Aim of the exercise → When you output the entries, begin with the first line and end with the line containing "k) * v k) = a1", keeping each line exactly as it is.

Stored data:
[Start of Attachment]
lemma is_eigenvalue_cml_imp:
  assumes "N \<ge> 3" "is_eigenvalue N (cml_matrix N (-a2) a1 a2) \<mu>"
  shows "\<exists>k<N. \<mu> = cml_eigenvalue N a1 a2 k"
proof (rule ccontr)
  assume "\<not> (\<exists>k<N. \<mu> = cml_eigenvalue N a1 a2 k)"
  then have coeff0: "(\<Sum>i<N. v i * inverse (root_unity N) ^ (i * k)) = 0" if "k < N"
    and "\<forall>i<N. (\<Sum>j<N. complex_of_real (cml_matrix N (-a2) a1 a2 i j) * v j) = \<mu> * v i" for k v
    using cml_eigenvector_Fourier_coeff[OF assms(1)] that by blast
  obtain v i0 where i0: "i0 < N" "v i0 \<noteq> 0"
    and ev: "\<forall>i<N. (\<Sum>j<N. complex_of_real (cml_matrix N (-a2) a1 a2 i j) * v j) = \<mu> * v i"
    using assms(2) unfolding is_eigenvalue_def by blast
  define w where "w = root_unity N"
  \<comment> \<open>Fourier inversion at the index i0\<close>
  have "0 = (\<Sum>k<N. (\<Sum>j<N. v j * inverse w ^ (j * k)) * w ^ (i0 * k))"
    using coeff0 ev w_def by simp
  also have "\<dots> = (\<Sum>j<N. v j * (\<Sum>k<N. (inverse w ^ j * w ^ i0) ^ k))"
    unfolding sum_distrib_left sum_distrib_right
    by (subst sum.swap) (simp add: power_mult_distrib power_mult[symmetric] mult.commute mult.left_commute)
  also have "\<dots> = (\<Sum>j<N. v j * (if j = i0 then of_nat N else 0))"
    using i0 by (intro sum.cong) (auto simp: sum_root_unity_orthogonal w_def)
  also have "\<dots> = v i0 * of_nat N" using i0 by (simp add: if_distrib sum.delta' cong: if_cong)
  finally show False using i0 by simp
qed

lemma cml_matrix_small_row_sum:
  assumes "N = 1 \<or> N = 2" "i < N"
  shows "(\<Sum>k<N. complex_of_real (cml_matrix N (-a2) a1 a2 i k) * v k) = a1 * v i"
proof (cases "N = 1")
  case True
  then show ?thesis using assms by (simp add: cml_matrix_def)
next
  case False
  then have N2: "N = 2" using assms by simp
  have "(\<Sum>k<N. complex_of_real (cml_matrix N (-a2) a1 a2 i k) * v k)
      = (\<Sum>k<N. (if k = i then a1 * v k else 0))"
    unfolding N2 by (rule sum.cong) (auto simp: cml_matrix_def)
  also have "\<dots> = a1 * v i" using assms by (simp add: sum.delta')
  finally show ?thesis .
qed

lemma is_eigenvalue_cml_small_iff:
  assumes "N = 1 \<or> N = 2"
  shows "is_eigenvalue N (cml_matrix N (-a2) a1 a2) \<mu> \<longleftrightarrow> \<mu> = complex_of_real a1"
proof
  assume "is_eigenvalue N (cml_matrix N (-a2) a1 a2) \<mu>"
  then obtain v i where vi: "i < N" "v i \<noteq> 0"
    "\<forall>i<N. (\<Sum>k<N. complex_of_real (cml_matrix N (-a2) a1 a2 i k) * v k) = \<mu> * v i"
    unfolding is_eigenvalue_def by blast
  then have "a1 * v i = \<mu> * v i" using cml_matrix_small_row_sum[OF assms vi(1), of a2 a1 v] by simp
  then show "\<mu> = complex_of_real a1" using vi(2) by simp
next
  assume "\<mu> = complex_of_real a1"
  then show "is_eigenvalue N (cml_matrix N (-a2) a1 a2) \<mu>"
    using assms cml_matrix_small_row_sum[OF assms, of _ a2 a1 "\<lambda>_. 1"]
    unfolding is_eigenvalue_def by (intro exI[of _ "\<lambda>_. 1"] conjI exI[of _ 0]) auto
qed

lemma abs_cos_add_of_int_pi: "\<bar>cos (x + of_int m * pi)\<bar> = \<bar>cos x\<bar>"
proof -
  have s: "sin (of_int m * pi) = 0" using sin_times_pi_eq_0[of "of_int m"] by simp
  then have "(cos (of_int m * pi))^2 = 1" using sin_cos_squared_add[of "of_int m * pi"] by simp
  then have "\<bar>cos (of_int m * pi)\<bar> = 1" using power2_eq_1_iff by fastforce
  then show ?thesis by (simp add: cos_add s abs_mult)
qed

(* |sin (2\<pi>k/N)| = |cos (\<pi>(4k - N)/(2N))| only depends on 4k - N modulo 2N. *)
lemma abs_sin_eq_cos_offset:
  fixes e m :: int
  assumes "N > 0" "4 * int k - int N = e + 2 * int N * m" "\<bar>e\<bar> \<le> int N"
  shows "\<bar>sin (2 * pi * real k / real N)\<bar> = cos (pi * real_of_int \<bar>e\<bar> / (2 * real N))"
proof -
  have r: "4 * real k - real N = real_of_int e + 2 * real N * real_of_int m"
    using arg_cong[OF assms(2), of real_of_int] by simp
  have "2 * pi * real k / real N = pi * (4 * real k - real N) / (2 * real N) + pi/2"
    using assms(1) by (simp add: field_simps)
  also have "\<dots> = (pi * real_of_int e / (2 * real N) + of_int m * pi) + pi/2"
    unfolding r using assms(1) by (simp add: field_simps)
  finally have "\<bar>sin (2 * pi * real k / real N)\<bar> = \<bar>cos (pi * real_of_int e / (2 * real N))\<bar>"
    using abs_cos_add_of_int_pi by (simp add: sin_add)
  also have "\<dots> = \<bar>cos (pi * real_of_int \<bar>e\<bar> / (2 * real N))\<bar>"
    by (cases "e \<ge> 0") (simp_all add: abs_if)
  also have "\<dots> = cos (pi * real_of_int \<bar>e\<bar> / (2 * real N))"
  proof -
    have "real_of_int \<bar>e\<bar> \<le> real N" using assms(3) by linarith
    then have "pi * real_of_int \<bar>e\<bar> / (2 * real N) \<le> pi / 2" using assms(1)
      by (simp add: field_simps)
    moreover have "0 \<le> pi * real_of_int \<bar>e\<bar> / (2 * real N)" by simp
    ultimately show ?thesis by (intro abs_of_nonneg cos_ge_zero) linarith+
  qed
  finally show ?thesis .
qed

definition jstar :: "nat \<Rightarrow> nat" where
  "jstar N = (if odd N then nat \<lceil>(real N - 1) / 4\<rceil> else N div 4)"

lemma jstar_offset:
  "(N mod 4 = 0 \<and> 4 * int (jstar N) - int N = 0) \<or> (N mod 4 = 1 \<and> 4 * int (jstar N) - int N = -1)
   \<or> (N mod 4 = 2 \<and> 4 * int (jstar N) - int N = -2) \<or> (N mod 4 = 3 \<and> 4 * int (jstar N) - int N = 1)"
proof -
  define q where "q = N div 4"
  have N: "N = 4 * q + N mod 4" "N mod 4 < 4" unfolding q_def by auto
  consider "N mod 4 = 0 \<or> N mod 4 = 2" | "N mod 4 = 1" | "N mod 4 = 3" by linarith
  then show ?thesis
  proof cases
    assume r: "N mod 4 = 0 \<or> N mod 4 = 2"
    then have "even N" by presburger
    then have "jstar N = q" by (simp add: jstar_def q_def)
    then show ?thesis using r N by auto
  next
    assume r: "N mod 4 = 1"
    then have "odd N" by presburger
    moreover have "(real N - 1) / 4 = real q" using N r by simp
    ultimately have "jstar N = q" by (simp add: jstar_def)
    then show ?thesis using r N by auto
  next
    assume r: "N mod 4 = 3"
    then have "odd N" by presburger
    moreover have "\<lceil>(real N - 1) / 4\<rceil> = int q + 1"
      using N r by (intro ceiling_unique) auto
    ultimately have "jstar N = q + 1" by (simp add: jstar_def)
    then show ?thesis using r N by auto
  qed
qed

(* Every e \<equiv> 4k - N (mod 2N) satisfies the hypotheses, so j* maximises |sin (2\<pi>k/N)|. *)
lemma jstar_offset_minimal:
  fixes e :: int
  assumes "even (e + int N)" and "even N \<Longrightarrow> 4 dvd (e + int N)"
  shows "\<bar>4 * int (jstar N) - int N\<bar> \<le> \<bar>e\<bar>"
  using jstar_offset[of N] assms by presburger

lemma abs_sin_le_jstar:
  assumes "N \<ge> 3"
  shows "sin (2 * pi * real (jstar N) / real N) > 0"
    and "\<bar>sin (2 * pi * real k / real N)\<bar> \<le> sin (2 * pi * real (jstar N) / real N)"
proof -
  define j where "j = jstar N"
  define es where "es = 4 * int j - int N"
  have N0: "N > 0" using assms by simp
  have esb: "\<bar>es\<bar> \<le> 2" using jstar_offset[of N] es_def j_def by auto
  have "1 \<le> j" "2 * j < N" using esb assms unfolding es_def by linarith+
  then show sj: "sin (2 * pi * real (jstar N) / real N) > 0"
    using N0 unfolding j_def by (intro sin_gt_zero) (simp_all add: field_simps)
  have sj_eq: "sin (2 * pi * real j / real N) = cos (pi * real_of_int \<bar>es\<bar> / (2 * real N))"
    using abs_sin_eq_cos_offset[OF N0, of j es 0] es_def esb assms sj j_def by simp
  define m where "m = (4 * int k) div (2 * int N)"
  define e where "e = (4 * int k) mod (2 * int N) - int N"
  have dm: "4 * int k - int N = e + 2 * int N * m" unfolding e_def m_def
    using div_mult_mod_eq[of "4 * int k" "2 * int N"] by (simp add: algebra_simps)
  have "0 \<le> (4 * int k) mod (2 * int N)" "(4 * int k) mod (2 * int N) < 2 * int N" using N0 by auto
  then have eb: "\<bar>e\<bar> \<le> int N" unfolding e_def by linarith
  have "e + int N = 2 * (2 * int k - int N * m)" using dm by (simp add: algebra_simps)
  moreover have "even N \<Longrightarrow> e + int N = 4 * (int k - int (N div 2) * m)"
    using dm by (auto simp: algebra_simps elim!: evenE)
  ultimately have "\<bar>es\<bar> \<le> \<bar>e\<bar>" unfolding es_def j_def by (intro jstar_offset_minimal) auto
  have "\<bar>sin (2 * pi * real k / real N)\<bar> = cos (pi * real_of_int \<bar>e\<bar> / (2 * real N))"
    by (rule abs_sin_eq_cos_offset[OF N0 dm eb])
  also have "\<dots> \<le> cos (pi * real_of_int \<bar>es\<bar> / (2 * real N))"
  proof (rule cos_monotone_0_pi_le)
    have "real_of_int \<bar>es\<bar> \<le> real_of_int \<bar>e\<bar>" using \<open>\<bar>es\<bar> \<le> \<bar>e\<bar>\<close> by linarith
    then show "pi * real_of_int \<bar>es\<bar> / (2 * real N) \<le> pi * real_of_int \<bar>e\<bar> / (2 * real N)"
      using N0 by (intro divide_right_mono mult_left_mono) auto
    have "real_of_int \<bar>e\<bar> \<le> real N" using eb by linarith
    then show "pi * real_of_int \<bar>e\<bar> / (2 * real N) \<le> pi" using N0 by (simp add: field_simps)
  qed simp
  finally show "\<bar>sin (2 * pi * real k / real N)\<bar> \<le> sin (2 * pi * real (jstar N) / real N)"
    using sj_eq j_def by simp
qed

lemma cml_eigenvalues_in_beta_inside_iff:
  assumes "0 < a" "a < 1" "N \<ge> 3"
  shows "(\<forall>\<mu>. is_eigenvalue N (cml_matrix N (-a2) a1 a2) \<mu> \<longrightarrow> \<mu> \<in> beta_inside a)
     \<longleftrightarrow> a1 < 1 \<and> cml_eigenvalue N a1 a2 (jstar N) \<in> beta_inside a"
proof
  assume H: "\<forall>\<mu>. is_eigenvalue N (cml_matrix N (-a2) a1 a2) \<mu> \<longrightarrow> \<mu> \<in> beta_inside a"
  have "cml_eigenvalue N a1 a2 0 = complex_of_real a1" by (simp add: cml_eigenvalue_def complex_eq_iff)
  then have "a1 < 1"
    using H is_eigenvalue_cml_eigenvalue[OF assms(3), of a2 a1 0] of_real_in_beta_inside_iff[OF assms(1,2)]
    by auto
  then show "a1 < 1 \<and> cml_eigenvalue N a1 a2 (jstar N) \<in> beta_inside a"
    using H is_eigenvalue_cml_eigenvalue[OF assms(3)] by blast
next
  assume H: "a1 < 1 \<and> cml_eigenvalue N a1 a2 (jstar N) \<in> beta_inside a"
  show "\<forall>\<mu>. is_eigenvalue N (cml_matrix N (-a2) a1 a2) \<mu> \<longrightarrow> \<mu> \<in> beta_inside a"
  proof (intro allI impI)
    fix \<mu> assume "is_eigenvalue N (cml_matrix N (-a2) a1 a2) \<mu>"
    then obtain k where "\<mu> = cml_eigenvalue N a1 a2 k" using is_eigenvalue_cml_imp[OF assms(3)] by blast
    moreover have "\<bar>2 * a2 * sin (2 * pi * real k / real N)\<bar>
        \<le> \<bar>2 * a2 * sin (2 * pi * real (jstar N) / real N)\<bar>"
      using abs_sin_le_jstar(2)[OF assms(3), of k] by (simp add: abs_mult mult_left_mono)
    ultimately show "\<mu> \<in> beta_inside a"
      using beta_inside_shrink_Im[OF assms(1,2)] H unfolding cml_eigenvalue_def by blast
  qed
qed

lemma stable_region_eq_inside_gamma_jstar:
  assumes "0 < a" "a < 1" "N \<ge> 3"
  shows "stable_region a N
       = {(a1, a2). a1 < 1 \<and> (a1, a2) \<in> inside (path_image (gamma_curve a N (jstar N)))}"
proof -
  have "sin (2 * pi * real (jstar N) / real N) \<noteq> 0" using abs_sin_le_jstar(1)[OF assms(3)] by simp
  note inside = inside_gamma_curve[OF assms(1,2) this]
  have "(a1, a2) \<in> stable_region a N
      \<longleftrightarrow> a1 < 1 \<and> (a1, a2) \<in> inside (path_image (gamma_curve a N (jstar N)))" for a1 a2
    unfolding stable_region_def Omega_eq_beta_inside[OF assms(1,2)] inside
    by (simp add: cml_eigenvalues_in_beta_inside_iff[OF assms] cml_eigenvalue_def ac_simps)
  then show ?thesis by auto
qed

theorem theorem4:
  fixes \<alpha> :: real and N :: nat
  assumes "0 < \<alpha>" and "\<alpha> < 1"
  shows "(N = 1 \<or> N = 2 \<longrightarrow>
            stable_region \<alpha> N = {(a1, a2). 1 - 2 powr \<alpha> < a1 \<and> a1 < 1})
       \<and> (N \<ge> 3 \<and> odd N \<longrightarrow>
            stable_region \<alpha> N =
              {(a1, a2). a1 < 1 \<and> (a1, a2) \<in> inside (path_image
                 (gamma_curve \<alpha> N (nat \<lceil>(real N - 1) / 4\<rceil>)))})
       \<and> (N \<ge> 4 \<and> even N \<longrightarrow>
            stable_region \<alpha> N =
              {(a1, a2). a1 < 1 \<and> (a1, a2) \<in> inside (path_image
                 (gamma_curve \<alpha> N (N div 4)))})"
proof (intro conjI impI)
  assume small: "N = 1 \<or> N = 2"
  show "stable_region \<alpha> N = {(a1, a2). 1 - 2 powr \<alpha> < a1 \<and> a1 < 1}"
    unfolding stable_region_def Omega_eq_beta_inside[OF assms] is_eigenvalue_cml_small_iff[OF small]
    using of_real_in_beta_inside_iff[OF assms] by auto
qed (use stable_region_eq_inside_gamma_jstar[OF assms] in \<open>simp_all add: jstar_def\<close>)

end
[End of Attachment]
The completed task →
lemma is_eigenvalue_cml_imp:
  assumes "N \<ge> 3" "is_eigenvalue N (cml_matrix N (-a2) a1 a2) \<mu>"
  shows "\<exists>k<N. \<mu> = cml_eigenvalue N a1 a2 k"
proof (rule ccontr)
  assume "\<not> (\<exists>k<N. \<mu> = cml_eigenvalue N a1 a2 k)"
  then have coeff0: "(\<Sum>i<N. v i * inverse (root_unity N) ^ (i * k)) = 0" if "k < N"
    and "\<forall>i<N. (\<Sum>j<N. complex_of_real (cml_matrix N (-a2) a1 a2 i j) * v j) = \<mu> * v i" for k v
    using cml_eigenvector_Fourier_coeff[OF assms(1)] that by blast
  obtain v i0 where i0: "i0 < N" "v i0 \<noteq> 0"
    and ev: "\<forall>i<N. (\<Sum>j<N. complex_of_real (cml_matrix N (-a2) a1 a2 i j) * v j) = \<mu> * v i"
    using assms(2) unfolding is_eigenvalue_def by blast
  define w where "w = root_unity N"
  \<comment> \<open>Fourier inversion at the index i0\<close>
  have "0 = (\<Sum>k<N. (\<Sum>j<N. v j * inverse w ^ (j * k)) * w ^ (i0 * k))"
    using coeff0 ev w_def by simp
  also have "\<dots> = (\<Sum>j<N. v j * (\<Sum>k<N. (inverse w ^ j * w ^ i0) ^ k))"
    unfolding sum_distrib_left sum_distrib_right
    by (subst sum.swap) (simp add: power_mult_distrib power_mult[symmetric] mult.commute mult.left_commute)
  also have "\<dots> = (\<Sum>j<N. v j * (if j = i0 then of_nat N else 0))"
    using i0 by (intro sum.cong) (auto simp: sum_root_unity_orthogonal w_def)
  also have "\<dots> = v i0 * of_nat N" using i0 by (simp add: if_distrib sum.delta' cong: if_cong)
  finally show False using i0 by simp
qed

lemma cml_matrix_small_row_sum:
  assumes "N = 1 \<or> N = 2" "i < N"
  shows "(\<Sum>k<N. complex_of_real (cml_matrix N (-a2) a1 a2 i k) * v k) = a1 * v i"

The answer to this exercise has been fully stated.